As used herein, the phrase “based on” shall not be construed as a reference to a closed set of information, one or more conditions, one or more factors, or the like. In other words, the phrase “based on A” (where “A” may be information, a condition, a factor, or the like) shall be construed as “based at least on A” unless specifically recited differently.

A device configured to “output” data, such as a transmission, signal, or message, may transmit the data, for example with a transceiver, or may send the data to a device that transmits the data.

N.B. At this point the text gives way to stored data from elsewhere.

(* The Ranked Pairs VCCR $rp$, the Beat Path VCCR $bp$, and the GOCHA VCCR $gocha$ each satisfy Coherent Defeat: for every profile $\mathbf P$ and $x,y\in X(\mathbf P)$, if $\mathrm{Margin}_{\mathbf P}(x,y)>0$ and there is no majority path from $y$ to $x$, then $(x,y)$ belongs to $rp(\mathbf P)$, $bp(\mathbf P)$ and $gocha(\mathbf P)$.
   Context: Profiles: $\mathbf P:V\to\mathcal L(X)$, $V$ nonempty finite set of voters, $X=X(\mathbf P)$ nonempty finite set of candidates, $\mathcal L(X)$ strict linear orders. $\mathrm{Margin}_{\mathbf P}(x,y)$ = #voters ranking $x$ above $y$ minus #ranking $y$ above $x$. A majority path from $x_1$ to $x_n$ is $(x_1,\dots,x_n)$ with all $\mathrm{Margin}_{\mathbf P}(x_i,x_{i+1})>0$; its strength is the minimum of these margins. Ranked Pairs: let $Pairs(\mathbf P)=\{(x,y): x\ne y,\ \mathrm{Margin}_{\mathbf P}(x,y)\ge 0\}$; a tie-breaker is a strict linear order $L$ on $Pairs(\mathbf P)$. Order $Pairs(\mathbf P)$ by decreasing margin, breaking ties by $L$: $(x_1,y_1),\dots,(x_m,y_m)$. Let $D_0=\varnothing$, and $D_i=D_{i-1}\cup\{(x_i,y_i)\}$ if this is acyclic, else $D_i=D_{i-1}\cup\{(y_i,x_i)\}$; set $rp(\mathbf P,L)=D_m$ and $rp(\mathbf P)=\bigcap_L rp(\mathbf P,L)$ over all tie-breakers $L$. Beat Path: $\mathrm{Strength}_{\mathbf P}(x,y)$ is the maximum strength of a majority path from $x$ to $y$ ($0$ if none); $(x,y)\in bp(\mathbf P)$ iff $\mathrm{Strength}_{\mathbf P}(x,y)>\mathrm{Strength}_{\mathbf P}(y,x)$. GOCHA: $(x,y)\in gocha(\mathbf P)$ iff there is a majority path from $x$ to $y$ but none from $y$ to $x$. *)

theory Defs
  imports Main
begin

text \<open>A profile: nonempty finite voter set V, nonempty finite candidate set X,
  each voter i in V has a strict linear order P i on X (as a relation;
  (a,b) \<in> P i means voter i ranks a above b).\<close>
definition profile :: "'v set \<Rightarrow> 'c set \<Rightarrow> ('v \<Rightarrow> 'c rel) \<Rightarrow> bool" where
  "profile V X P \<longleftrightarrow> finite V \<and> V \<noteq> {} \<and> finite X \<and> X \<noteq> {} \<and>
     (\<forall>i\<in>V. strict_linear_order_on X (P i) \<and> P i \<subseteq> X \<times> X)"

definition Margin :: "'v set \<Rightarrow> ('v \<Rightarrow> 'c rel) \<Rightarrow> 'c \<Rightarrow> 'c \<Rightarrow> int" where
  "Margin V P x y = int (card {i\<in>V. (x, y) \<in> P i}) - int (card {i\<in>V. (y, x) \<in> P i})"

definition majority_path :: "'v set \<Rightarrow> 'c set \<Rightarrow> ('v \<Rightarrow> 'c rel) \<Rightarrow> 'c list \<Rightarrow> bool" where
  "majority_path V X P xs \<longleftrightarrow> 2 \<le> length xs \<and> set xs \<subseteq> X \<and>
     (\<forall>k. Suc k < length xs \<longrightarrow> 0 < Margin V P (xs ! k) (xs ! Suc k))"

definition majority_path_from_to ::
    "'v set \<Rightarrow> 'c set \<Rightarrow> ('v \<Rightarrow> 'c rel) \<Rightarrow> 'c \<Rightarrow> 'c \<Rightarrow> 'c list \<Rightarrow> bool" where
  "majority_path_from_to V X P x y xs \<longleftrightarrow>
     majority_path V X P xs \<and> hd xs = x \<and> last xs = y"

definition path_strength :: "'v set \<Rightarrow> ('v \<Rightarrow> 'c rel) \<Rightarrow> 'c list \<Rightarrow> int" where
  "path_strength V P xs = Min {Margin V P (xs ! k) (xs ! Suc k) | k. Suc k < length xs}"

definition Strength :: "'v set \<Rightarrow> 'c set \<Rightarrow> ('v \<Rightarrow> 'c rel) \<Rightarrow> 'c \<Rightarrow> 'c \<Rightarrow> int" where
  "Strength V X P x y =
     (if \<exists>xs. majority_path_from_to V X P x y xs
      then Max {path_strength V P xs | xs. majority_path_from_to V X P x y xs}
      else 0)"

definition bp :: "'v set \<Rightarrow> 'c set \<Rightarrow> ('v \<Rightarrow> 'c rel) \<Rightarrow> 'c rel" where
  "bp V X P = {(x, y). x \<in> X \<and> y \<in> X \<and> Strength V X P x y > Strength V X P y x}"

A device configured to “obtain” data, such as a transmission, signal, or message, may receive, for example with a transceiver, or may obtain the data from a device that receives the data.

The following aspects are illustrative only and may be combined with other aspects or teachings described herein, without limitation.

Aspect 1 is a method of wireless communication at a UE, where the method may include obtaining a capability report associated with a RIS. The capability report may be associated with reflection and sensing capabilities of the RIS. The method may include transmitting a first configuration of resources associated with at least one RS and a second configuration of at least one mode associated with the reflection and sensing capabilities of the RIS. The at least one mode may be associated with the at least one RS. The at least one mode may include a hybrid sensing and reflection mode.

Aspect 2 is the method of aspect 1, where the method may include configuring the resources associated with the at least one RS and the at least one mode associated with the at least one RS based on the capability report.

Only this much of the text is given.